**THE DATA**
▼

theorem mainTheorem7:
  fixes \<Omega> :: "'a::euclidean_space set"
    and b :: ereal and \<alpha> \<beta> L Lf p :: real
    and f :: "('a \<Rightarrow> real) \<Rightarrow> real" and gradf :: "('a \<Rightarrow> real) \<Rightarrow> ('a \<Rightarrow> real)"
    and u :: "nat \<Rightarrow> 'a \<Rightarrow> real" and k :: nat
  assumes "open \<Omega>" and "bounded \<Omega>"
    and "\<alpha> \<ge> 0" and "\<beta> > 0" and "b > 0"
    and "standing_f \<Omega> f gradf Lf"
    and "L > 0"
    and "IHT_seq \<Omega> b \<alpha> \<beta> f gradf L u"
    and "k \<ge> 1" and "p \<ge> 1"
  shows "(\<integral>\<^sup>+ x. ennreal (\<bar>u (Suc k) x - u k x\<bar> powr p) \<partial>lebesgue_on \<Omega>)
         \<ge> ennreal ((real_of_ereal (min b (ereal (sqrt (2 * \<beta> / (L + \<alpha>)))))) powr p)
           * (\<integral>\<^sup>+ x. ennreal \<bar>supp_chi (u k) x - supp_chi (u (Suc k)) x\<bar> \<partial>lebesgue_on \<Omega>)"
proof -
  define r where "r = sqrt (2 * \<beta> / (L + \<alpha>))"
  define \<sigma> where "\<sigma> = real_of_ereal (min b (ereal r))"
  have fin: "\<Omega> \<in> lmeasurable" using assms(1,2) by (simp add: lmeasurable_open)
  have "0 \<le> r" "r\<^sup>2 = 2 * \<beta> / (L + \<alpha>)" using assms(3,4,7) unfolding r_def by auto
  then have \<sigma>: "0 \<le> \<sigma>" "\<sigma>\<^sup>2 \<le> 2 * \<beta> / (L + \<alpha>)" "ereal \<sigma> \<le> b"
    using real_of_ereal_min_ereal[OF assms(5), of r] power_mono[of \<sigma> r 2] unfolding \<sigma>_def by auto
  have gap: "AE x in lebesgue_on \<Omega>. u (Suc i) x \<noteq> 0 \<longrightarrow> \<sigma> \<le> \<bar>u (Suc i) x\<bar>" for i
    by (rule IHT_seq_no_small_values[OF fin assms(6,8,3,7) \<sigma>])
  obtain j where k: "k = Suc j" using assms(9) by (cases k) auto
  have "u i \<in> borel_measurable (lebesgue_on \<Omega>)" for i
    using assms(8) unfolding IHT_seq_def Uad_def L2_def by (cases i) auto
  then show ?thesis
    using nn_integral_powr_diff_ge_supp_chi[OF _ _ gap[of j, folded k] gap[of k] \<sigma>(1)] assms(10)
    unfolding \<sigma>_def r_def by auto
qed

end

▲
▼

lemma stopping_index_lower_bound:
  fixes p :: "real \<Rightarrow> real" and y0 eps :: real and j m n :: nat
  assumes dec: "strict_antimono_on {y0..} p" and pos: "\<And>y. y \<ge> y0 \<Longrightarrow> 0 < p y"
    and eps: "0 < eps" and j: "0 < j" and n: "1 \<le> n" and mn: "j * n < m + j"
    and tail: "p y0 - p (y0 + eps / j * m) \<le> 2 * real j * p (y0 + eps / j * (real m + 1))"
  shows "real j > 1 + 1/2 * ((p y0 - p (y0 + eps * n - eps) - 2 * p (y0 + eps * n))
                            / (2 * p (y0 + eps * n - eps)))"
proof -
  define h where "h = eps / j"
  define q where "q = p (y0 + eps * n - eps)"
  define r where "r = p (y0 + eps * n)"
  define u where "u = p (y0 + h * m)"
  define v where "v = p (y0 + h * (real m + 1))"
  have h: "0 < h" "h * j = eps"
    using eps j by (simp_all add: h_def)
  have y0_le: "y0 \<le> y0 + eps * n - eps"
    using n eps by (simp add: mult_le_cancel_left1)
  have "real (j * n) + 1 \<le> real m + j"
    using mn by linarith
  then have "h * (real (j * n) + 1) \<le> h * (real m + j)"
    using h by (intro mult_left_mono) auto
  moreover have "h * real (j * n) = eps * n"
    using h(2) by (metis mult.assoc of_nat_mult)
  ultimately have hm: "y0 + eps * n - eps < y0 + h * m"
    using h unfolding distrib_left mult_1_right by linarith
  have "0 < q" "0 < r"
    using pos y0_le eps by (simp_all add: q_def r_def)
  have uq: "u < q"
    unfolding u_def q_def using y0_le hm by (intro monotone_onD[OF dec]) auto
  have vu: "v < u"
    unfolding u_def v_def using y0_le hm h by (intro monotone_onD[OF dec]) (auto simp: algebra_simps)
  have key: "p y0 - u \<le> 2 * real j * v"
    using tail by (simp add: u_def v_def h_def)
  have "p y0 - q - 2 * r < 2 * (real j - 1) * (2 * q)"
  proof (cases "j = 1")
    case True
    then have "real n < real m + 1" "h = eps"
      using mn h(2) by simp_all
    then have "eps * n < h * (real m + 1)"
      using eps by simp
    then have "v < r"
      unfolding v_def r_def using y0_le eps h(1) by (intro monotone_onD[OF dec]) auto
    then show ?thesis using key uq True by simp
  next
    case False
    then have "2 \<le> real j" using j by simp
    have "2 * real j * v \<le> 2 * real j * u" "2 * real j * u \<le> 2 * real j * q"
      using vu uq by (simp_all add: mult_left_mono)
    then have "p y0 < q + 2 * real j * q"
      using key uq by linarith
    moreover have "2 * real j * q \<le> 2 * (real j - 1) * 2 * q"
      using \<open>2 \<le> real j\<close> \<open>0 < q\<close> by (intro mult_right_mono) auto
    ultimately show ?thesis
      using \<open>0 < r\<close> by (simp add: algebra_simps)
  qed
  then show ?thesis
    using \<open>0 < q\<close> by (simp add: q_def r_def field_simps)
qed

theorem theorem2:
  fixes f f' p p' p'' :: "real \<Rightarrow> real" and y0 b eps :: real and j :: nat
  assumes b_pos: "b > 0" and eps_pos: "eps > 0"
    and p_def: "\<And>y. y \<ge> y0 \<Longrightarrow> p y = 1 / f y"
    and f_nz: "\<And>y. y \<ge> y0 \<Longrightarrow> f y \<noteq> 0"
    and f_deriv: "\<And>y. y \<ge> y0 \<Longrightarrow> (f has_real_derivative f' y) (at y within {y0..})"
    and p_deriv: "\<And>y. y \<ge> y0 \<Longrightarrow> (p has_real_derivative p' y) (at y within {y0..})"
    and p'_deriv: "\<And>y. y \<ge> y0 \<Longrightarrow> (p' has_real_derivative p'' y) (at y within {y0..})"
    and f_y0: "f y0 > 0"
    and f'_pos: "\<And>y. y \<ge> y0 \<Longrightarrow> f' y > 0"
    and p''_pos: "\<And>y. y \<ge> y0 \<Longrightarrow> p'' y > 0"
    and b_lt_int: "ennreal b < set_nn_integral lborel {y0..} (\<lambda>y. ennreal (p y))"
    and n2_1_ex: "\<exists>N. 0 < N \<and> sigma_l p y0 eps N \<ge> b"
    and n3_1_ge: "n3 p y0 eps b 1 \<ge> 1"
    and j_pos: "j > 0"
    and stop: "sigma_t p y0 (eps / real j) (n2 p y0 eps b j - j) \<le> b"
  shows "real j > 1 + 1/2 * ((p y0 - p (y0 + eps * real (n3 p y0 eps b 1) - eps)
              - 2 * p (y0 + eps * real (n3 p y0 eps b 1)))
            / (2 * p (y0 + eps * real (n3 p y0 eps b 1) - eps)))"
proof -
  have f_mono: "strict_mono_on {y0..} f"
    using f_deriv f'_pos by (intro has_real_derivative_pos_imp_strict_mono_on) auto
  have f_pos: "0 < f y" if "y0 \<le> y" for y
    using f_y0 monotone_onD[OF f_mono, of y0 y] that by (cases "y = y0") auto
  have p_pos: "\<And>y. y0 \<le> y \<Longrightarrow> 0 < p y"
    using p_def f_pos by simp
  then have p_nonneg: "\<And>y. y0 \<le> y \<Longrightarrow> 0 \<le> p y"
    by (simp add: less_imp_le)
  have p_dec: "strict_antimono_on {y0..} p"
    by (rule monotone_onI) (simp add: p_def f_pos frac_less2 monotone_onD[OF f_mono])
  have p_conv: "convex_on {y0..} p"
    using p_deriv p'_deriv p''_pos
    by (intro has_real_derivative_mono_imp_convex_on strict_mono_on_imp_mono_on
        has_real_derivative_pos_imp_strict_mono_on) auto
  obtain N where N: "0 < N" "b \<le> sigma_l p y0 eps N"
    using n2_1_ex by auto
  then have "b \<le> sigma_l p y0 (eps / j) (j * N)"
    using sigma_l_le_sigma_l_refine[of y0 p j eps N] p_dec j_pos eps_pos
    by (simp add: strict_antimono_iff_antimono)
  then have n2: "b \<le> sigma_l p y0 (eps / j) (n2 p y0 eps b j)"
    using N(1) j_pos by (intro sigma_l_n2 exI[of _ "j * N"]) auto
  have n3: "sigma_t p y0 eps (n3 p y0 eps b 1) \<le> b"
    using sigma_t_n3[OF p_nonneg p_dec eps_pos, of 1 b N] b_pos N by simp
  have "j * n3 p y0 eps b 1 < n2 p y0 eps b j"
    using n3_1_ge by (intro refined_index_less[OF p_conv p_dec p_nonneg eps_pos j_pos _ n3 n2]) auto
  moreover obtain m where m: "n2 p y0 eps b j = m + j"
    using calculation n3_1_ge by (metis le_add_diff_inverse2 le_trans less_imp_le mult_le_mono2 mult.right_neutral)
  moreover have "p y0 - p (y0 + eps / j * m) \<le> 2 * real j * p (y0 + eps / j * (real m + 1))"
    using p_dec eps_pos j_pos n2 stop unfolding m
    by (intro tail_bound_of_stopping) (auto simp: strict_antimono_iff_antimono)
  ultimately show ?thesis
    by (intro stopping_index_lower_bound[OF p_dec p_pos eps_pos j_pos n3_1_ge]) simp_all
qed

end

▲

**WHAT TO PRODUCE**
When a line in the material contains the string "Omega", copy that line.

**THE COMPLETED TASK**
  fixes \<Omega> :: "'a::euclidean_space set"
  assumes "open \<Omega>" and "bounded \<Omega>"
    and "standing_f \<Omega> f gradf Lf"
    and "IHT_seq \<Omega> b \<alpha> \<beta> f gradf L u"
  shows "(\<integral>\<^sup>+ x. ennreal (\<bar>u (Suc k) x - u k x\<bar> powr p) \<partial>lebesgue_on \<Omega>)
           * (\<integral>\<^sup>+ x. ennreal \<bar>supp_chi (u k) x - supp_chi (u (Suc k)) x\<bar> \<partial>lebesgue_on \<Omega>)"
  have fin: "\<Omega> \<in> lmeasurable" using assms(1,2) by (simp add: lmeasurable_open)
  have gap: "AE x in lebesgue_on \<Omega>. u (Suc i) x \<noteq> 0 \<longrightarrow> \<sigma> \<le> \<bar>u (Suc i) x\<bar>" for i
  have "u i \<in> borel_measurable (lebesgue_on \<Omega>)" for i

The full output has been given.